Enamel was used in jewellery, applied to metal, from very early on: there are examples in the Tomb of Tutankhamun of c. 1325 BC. Enamel was also used to decorate glass by the time of the Roman Empire. Applied to pottery, it is first seen in Persian mina'i ware from the late 12th century, using a group of seven main colours. Presumably the potters learnt the technique from glassmakers.
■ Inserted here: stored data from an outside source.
(* Let $G$ be a connected graph that is $(5,\epsilon)$-distance-almost-uniform. Then $G^4$ is $(2,\epsilon)$-distance-almost-uniform and $diam(G^4)=\lceil diam(G)/4\rceil$.
   Context: For a graph $G$ on $n$ vertices and $v\in V(G)$, $A_s(v)$ is the set of vertices at distance exactly $s$ from $v$. $G$ is $(k,\epsilon)$-distance-almost-uniform if there exists $r$ such that $\max_{i=0}^{k-1}|A_{r+i}(u)|\ge n(1-\epsilon)$ for all $u\in V(G)$. For an undirected graph $G=(V,E)$, $G^k$ is the graph on vertex set $V$ with edge set $\{uv: 0<d_G(u,v)\le k\}$. *)

theory Defs
  imports Complex_Main
begin

definition simple_graph :: "'a set \<Rightarrow> ('a \<times> 'a) set \<Rightarrow> bool" where
  "simple_graph V E \<longleftrightarrow> finite V \<and> V \<noteq> {} \<and> E \<subseteq> V \<times> V \<and> sym E \<and> (\<forall>v. (v, v) \<notin> E)"

definition graph_connected :: "'a set \<Rightarrow> ('a \<times> 'a) set \<Rightarrow> bool" where
  "graph_connected V E \<longleftrightarrow> (\<forall>u\<in>V. \<forall>v\<in>V. \<exists>k. (u, v) \<in> E ^^ k)"

text \<open>Graph distance: length of a shortest walk (0 if unreachable, irrelevant for connected graphs).\<close>
definition gdist :: "('a \<times> 'a) set \<Rightarrow> 'a \<Rightarrow> 'a \<Rightarrow> nat" where
  "gdist E u v = (LEAST k. (u, v) \<in> E ^^ k)"

definition sphere :: "'a set \<Rightarrow> ('a \<times> 'a) set \<Rightarrow> nat \<Rightarrow> 'a \<Rightarrow> 'a set" where
  "sphere V E s v = {u \<in> V. gdist E v u = s}"

definition dist_almost_uniform :: "'a set \<Rightarrow> ('a \<times> 'a) set \<Rightarrow> nat \<Rightarrow> real \<Rightarrow> bool" where
  "dist_almost_uniform V E k \<epsilon> \<longleftrightarrow>
     (\<exists>r::nat. \<forall>u\<in>V. real (Max ((\<lambda>i. card (sphere V E (r + i) u)) ` {..<k})) \<ge> real (card V) * (1 - \<epsilon>))"

definition graph_power :: "'a set \<Rightarrow> ('a \<times> 'a) set \<Rightarrow> nat \<Rightarrow> ('a \<times> 'a) set" where
  "graph_power V E k = {(u, v). u \<in> V \<and> v \<in> V \<and> (\<exists>j. (u, v) \<in> E ^^ j) \<and> 0 < gdist E u v \<and> gdist E u v \<le> k}"

definition diameter :: "'a set \<Rightarrow> ('a \<times> 'a) set \<Rightarrow> nat" where
  "diameter V E = Max {gdist E u v | u v. u \<in> V \<and> v \<in> V}"

end

theory Submission
  imports Defs
begin

text \<open>Distances in \<open>G\<^sup>k\<close> are the distances in \<open>G\<close> divided by \<open>k\<close> and rounded up: a shortest
  walk in \<open>G\<close> is cut into pieces of length at most \<open>k\<close>, and conversely every edge of \<open>G\<^sup>k\<close>
  expands to a walk of length at most \<open>k\<close> in \<open>G\<close>. Since rounding \<open>d/k\<close> up is monotone and maps
  \<open>k + 1\<close> consecutive integers into two consecutive ones, each sphere of \<open>G\<close> lies inside a
  sphere of \<open>G\<^sup>k\<close>, the \<open>k + 1\<close> spheres of a window in \<open>G\<close> land in a window of two spheres of
  \<open>G\<^sup>k\<close>, and the diameter of \<open>G\<^sup>k\<close> is that of \<open>G\<close> rounded in the same way.\<close>

lemma le_div_round_up_mult:
  fixes d k :: nat
  assumes "0 < k"
  shows "d \<le> (d + k - 1) div k * k"
  using assms div_mult_mod_eq[of "d + k - 1" k] mod_less_divisor[of k "d + k - 1"] by linarith

lemma div_round_up_le_iff:
  fixes d k q :: nat
  assumes "0 < k"
  shows "(d + k - 1) div k \<le> q \<longleftrightarrow> d \<le> k * q"
proof -
  have "(d + k - 1) div k \<le> q \<longleftrightarrow> d + k - 1 < Suc q * k"
    using div_less_iff_less_mult[OF assms] by (simp flip: less_Suc_eq_le)
  also have "\<dots> \<longleftrightarrow> d \<le> k * q"
    using assms by (simp add: algebra_simps) arith
  finally show ?thesis .
qed

lemma div_round_up_window:
  fixes r i k :: nat
  assumes "0 < k" "i \<le> k"
  obtains t where "t < 2" "(r + i + k - 1) div k = (r + k - 1) div k + t"
proof -
  have "(r + i + k - 1) div k \<le> (r + k - 1 + k) div k"
    using assms by (intro div_le_mono) linarith
  also have "\<dots> = (r + k - 1) div k + 1"
    using assms(1) div_add_self2[of k "r + k - 1"] by linarith
  finally have "(r + i + k - 1) div k < (r + k - 1) div k + 2" by simp
  moreover have "(r + k - 1) div k \<le> (r + i + k - 1) div k"
    by (intro div_le_mono) linarith
  ultimately show ?thesis
    using that[of "(r + i + k - 1) div k - (r + k - 1) div k"] by linarith
qed

lemma nat_ceiling_divide_eq_div:
  assumes "0 < k"
  shows "nat \<lceil>real d / real k\<rceil> = (d + k - 1) div k"
proof -
  define q where "q = (d + k - 1) div k"
  have "q * k < d + k" "d \<le> q * k"
    using div_mult_mod_eq[of "d + k - 1" k] mod_less_divisor[of k "d + k - 1"] assms
    unfolding q_def by linarith+
  then have "real q * real k < real d + real k" "real d \<le> real q * real k"
    unfolding of_nat_mult[symmetric] of_nat_add[symmetric] of_nat_less_iff of_nat_le_iff .
  then have "\<lceil>real d / real k\<rceil> = int q"
    using assms by (intro ceiling_unique) (simp_all add: field_simps)
  then show ?thesis unfolding q_def by simp
qed

lemma relpow_target_in:
  assumes "E \<subseteq> V \<times> V" "(u, v) \<in> E ^^ m" "0 < m"
  shows "v \<in> V"
  using assms by (cases m) auto

lemma gdist_relpow:
  assumes "(u, v) \<in> E ^^ m"
  shows "(u, v) \<in> E ^^ gdist E u v" and "gdist E u v \<le> m"
  using assms unfolding gdist_def by (metis LeastI, metis Least_le)

lemma gdist_eq_0_imp_eq:
  assumes "(u, v) \<in> E ^^ m" "gdist E u v = 0"
  shows "u = v"
  using gdist_relpow(1)[OF assms(1)] assms(2) by simp

lemma relpow_in_graph_power:
  assumes "E \<subseteq> V \<times> V" "u \<in> V" "(u, v) \<in> E ^^ m" "0 < m" "m \<le> k" "u \<noteq> v"
  shows "(u, v) \<in> graph_power V E k"
proof -
  have "v \<in> V" using relpow_target_in[OF assms(1,3,4)] .
  moreover have "gdist E u v \<le> k" using gdist_relpow(2)[OF assms(3)] assms(5) by simp
  moreover have "0 < gdist E u v" using gdist_eq_0_imp_eq[OF assms(3)] assms(6) by auto
  ultimately show ?thesis unfolding graph_power_def using assms(2,3) by auto
qed

lemma relpow_imp_relpow_graph_power:
  assumes "E \<subseteq> V \<times> V" "u \<in> V" "(u, v) \<in> E ^^ m" "m \<le> q * k"
  shows "\<exists>j \<le> q. (u, v) \<in> graph_power V E k ^^ j"
  using assms(3,4)
proof (induction q arbitrary: v m)
  case 0
  then show ?case by auto
next
  case (Suc q)
  show ?case
  proof (cases "m \<le> k")
    case True
    show ?thesis
    proof (cases "m = 0 \<or> u = v")
      case True
      then show ?thesis using Suc.prems(1) by (auto intro!: exI[of _ 0])
    next
      case False
      then have "(u, v) \<in> graph_power V E k"
        using relpow_in_graph_power[OF assms(1,2) Suc.prems(1) _ \<open>m \<le> k\<close>] by simp
      then show ?thesis by (auto intro!: exI[of _ 1])
    qed
  next
    case False
    then have "(u, v) \<in> E ^^ (m - k) O E ^^ k"
      using Suc.prems(1) relpow_add[of "m - k" k E] by simp
    then obtain w where uw: "(u, w) \<in> E ^^ (m - k)" and wv: "(w, v) \<in> E ^^ k" by auto
    have "m - k \<le> q * k" using Suc.prems(2) by simp
    then obtain j where j: "j \<le> q" "(u, w) \<in> graph_power V E k ^^ j"
      using Suc.IH[OF uw] by blast
    have "0 < k" using False Suc.prems(2) by (cases k) auto
    have "w \<in> V" using relpow_target_in[OF assms(1) uw] False by simp
    show ?thesis
    proof (cases "w = v")
      case True
      then show ?thesis using j le_SucI by blast
    next
      case False
      then have "(w, v) \<in> graph_power V E k"
        using relpow_in_graph_power[OF assms(1) \<open>w \<in> V\<close> wv \<open>0 < k\<close> order.refl] by simp
      then have "(u, v) \<in> graph_power V E k ^^ Suc j" using j(2) by auto
      then show ?thesis using j(1) Suc_le_mono by blast
    qed
  qed
qed

lemma relpow_graph_power_imp_relpow:
  assumes "(u, v) \<in> graph_power V E k ^^ j"
  shows "\<exists>m \<le> k * j. (u, v) \<in> E ^^ m"
  using assms
proof (induction j arbitrary: v)
  case 0
  then show ?case by auto
next
  case (Suc j)
  then obtain w where uw: "(u, w) \<in> graph_power V E k ^^ j" and wv: "(w, v) \<in> graph_power V E k"
    by auto
  obtain m where m: "m \<le> k * j" "(u, w) \<in> E ^^ m" using Suc.IH[OF uw] by auto
  from wv obtain i where "(w, v) \<in> E ^^ i" and le_k: "gdist E w v \<le> k"
    unfolding graph_power_def by blast
  then have "(w, v) \<in> E ^^ gdist E w v" by (intro gdist_relpow(1))
  with m(2) have "(u, v) \<in> E ^^ (m + gdist E w v)" unfolding relpow_add by blast
  moreover have "m + gdist E w v \<le> k * Suc j" using m(1) le_k by simp
  ultimately show ?case by blast
qed

lemma gdist_graph_power:
  assumes "E \<subseteq> V \<times> V" "graph_connected V E" "u \<in> V" "v \<in> V" "0 < k"
  shows "gdist (graph_power V E k) u v = (gdist E u v + k - 1) div k"
proof (rule antisym)
  let ?d = "gdist E u v" and ?P = "graph_power V E k"
  obtain m where "(u, v) \<in> E ^^ m" using assms(2-4) unfolding graph_connected_def by blast
  then have "(u, v) \<in> E ^^ ?d" by (intro gdist_relpow(1))
  then obtain j where j: "j \<le> (?d + k - 1) div k" "(u, v) \<in> ?P ^^ j"
    using relpow_imp_relpow_graph_power[OF assms(1,3)] le_div_round_up_mult[OF assms(5)] by blast
  then show "gdist ?P u v \<le> (?d + k - 1) div k"
    using gdist_relpow(2)[OF j(2)] by simp
  obtain m' where m': "m' \<le> k * gdist ?P u v" "(u, v) \<in> E ^^ m'"
    using relpow_graph_power_imp_relpow[OF gdist_relpow(1)[OF j(2)]] by blast
  then have "?d \<le> k * gdist ?P u v" using gdist_relpow(2)[OF m'(2)] by simp
  then show "(?d + k - 1) div k \<le> gdist ?P u v" using div_round_up_le_iff[OF assms(5)] by blast
qed

lemma sphere_subset_sphere_graph_power:
  assumes "E \<subseteq> V \<times> V" "graph_connected V E" "u \<in> V" "0 < k"
  shows "sphere V E d u \<subseteq> sphere V (graph_power V E k) ((d + k - 1) div k) u"
  using gdist_graph_power[OF assms(1,2,3) _ assms(4)] unfolding sphere_def by auto

lemma dist_almost_uniform_graph_power:
  assumes "finite V" "E \<subseteq> V \<times> V" "graph_connected V E" "0 < k"
    and "dist_almost_uniform V E (k + 1) \<epsilon>"
  shows "dist_almost_uniform V (graph_power V E k) 2 \<epsilon>"
proof -
  let ?P = "graph_power V E k"
  obtain r where r: "\<forall>u\<in>V. real (Max ((\<lambda>i. card (sphere V E (r + i) u)) ` {..<k + 1}))
      \<ge> real (card V) * (1 - \<epsilon>)"
    using assms(5) unfolding dist_almost_uniform_def by blast
  have "real (Max ((\<lambda>i. card (sphere V ?P ((r + k - 1) div k + i) u)) ` {..<2}))
      \<ge> real (card V) * (1 - \<epsilon>)" if u: "u \<in> V" for u
  proof -
    let ?S = "\<lambda>i. card (sphere V E (r + i) u)"
    have "Max (?S ` {..<k + 1}) \<in> ?S ` {..<k + 1}" by (intro Max_in) auto
    then obtain i where i: "i \<le> k" "Max (?S ` {..<k + 1}) = ?S i"
      by (auto simp: less_Suc_eq_le)
    obtain t where t: "t < 2" "(r + i + k - 1) div k = (r + k - 1) div k + t"
      using div_round_up_window[OF assms(4) i(1)] .
    have "?S i \<le> card (sphere V ?P ((r + k - 1) div k + t) u)"
      using sphere_subset_sphere_graph_power[OF assms(2,3) u assms(4), of "r + i"] t(2)
      by (intro card_mono) (auto simp: sphere_def assms(1) add.assoc)
    also have "\<dots> \<le> Max ((\<lambda>i. card (sphere V ?P ((r + k - 1) div k + i) u)) ` {..<2})"
      using t(1) by (intro Max_ge) auto
    finally show ?thesis using r u i(2) by force
  qed
  then show ?thesis unfolding dist_almost_uniform_def by blast
qed

lemma diameter_graph_power:
  assumes "finite V" "V \<noteq> {}" "E \<subseteq> V \<times> V" "graph_connected V E" "0 < k"
  shows "diameter V (graph_power V E k) = (diameter V E + k - 1) div k"
proof -
  have diameter_eq: "diameter V F = Max ((\<lambda>(u, v). gdist F u v) ` (V \<times> V))" for F
    unfolding diameter_def by (rule arg_cong[where f = Max]) auto
  let ?D = "(\<lambda>(u, v). gdist E u v) ` (V \<times> V)"
  have image_eq:
    "(\<lambda>(u, v). gdist (graph_power V E k) u v) ` (V \<times> V) = (\<lambda>d. (d + k - 1) div k) ` ?D"
    unfolding image_image using gdist_graph_power[OF assms(3,4) _ _ assms(5)]
    by (intro image_cong) auto
  have "mono (\<lambda>d::nat. (d + k - 1) div k)" by (intro monoI div_le_mono) simp
  moreover have "finite ?D" "?D \<noteq> {}" using assms(1,2) by auto
  ultimately show ?thesis unfolding diameter_eq image_eq by (rule mono_Max_commute[symmetric])
qed

theorem proposition10:
  fixes V :: "'a set" and E :: "('a \<times> 'a) set" and \<epsilon> :: real
  assumes "simple_graph V E"
    and "graph_connected V E"
    and "dist_almost_uniform V E 5 \<epsilon>"
  shows "dist_almost_uniform V (graph_power V E 4) 2 \<epsilon>
       \<and> diameter V (graph_power V E 4) = nat \<lceil>real (diameter V E) / 4\<rceil>"
proof
  have V: "finite V" "V \<noteq> {}" "E \<subseteq> V \<times> V" using assms(1) unfolding simple_graph_def by auto
  show "dist_almost_uniform V (graph_power V E 4) 2 \<epsilon>"
    using dist_almost_uniform_graph_power[OF V(1,3) assms(2), of 4 \<epsilon>] assms(3) by simp
  show "diameter V (graph_power V E 4) = nat \<lceil>real (diameter V E) / 4\<rceil>"
    using diameter_graph_power[OF V assms(2), of 4] nat_ceiling_divide_eq_div[of 4 "diameter V E"]
    by simp
qed

end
Slightly later it appeared in Chinese ceramics in Cizhou stoneware from as early as the 13th century, with use on porcelain following within a century, though it did not become predominant until later, and the full possibilities were not realized until the 17th and 18th centuries in the famille jaune, noire, rose, verte group of palettes. Some techniques use thin metal leaf, including mina'i ware as well as the more usual pigments, which are typically applied in a liquid or paste form, painted by brush, or using stencils or transfer printing. The Japanese kakiemon style, and other Japanese styles, used the technique from at least the second half of the 17th century. The technique was also developing in Europe, firstly in what the French called petit feu faience, and in the 18th century in porcelain, and there appears to have been some influence in both directions between Asia and Europe. From about 1770 to the mid 20th century it was the dominant decorative technique in expensive pottery, mostly porcelain, made in Europe, East Asia, and (to a lesser extent) North America.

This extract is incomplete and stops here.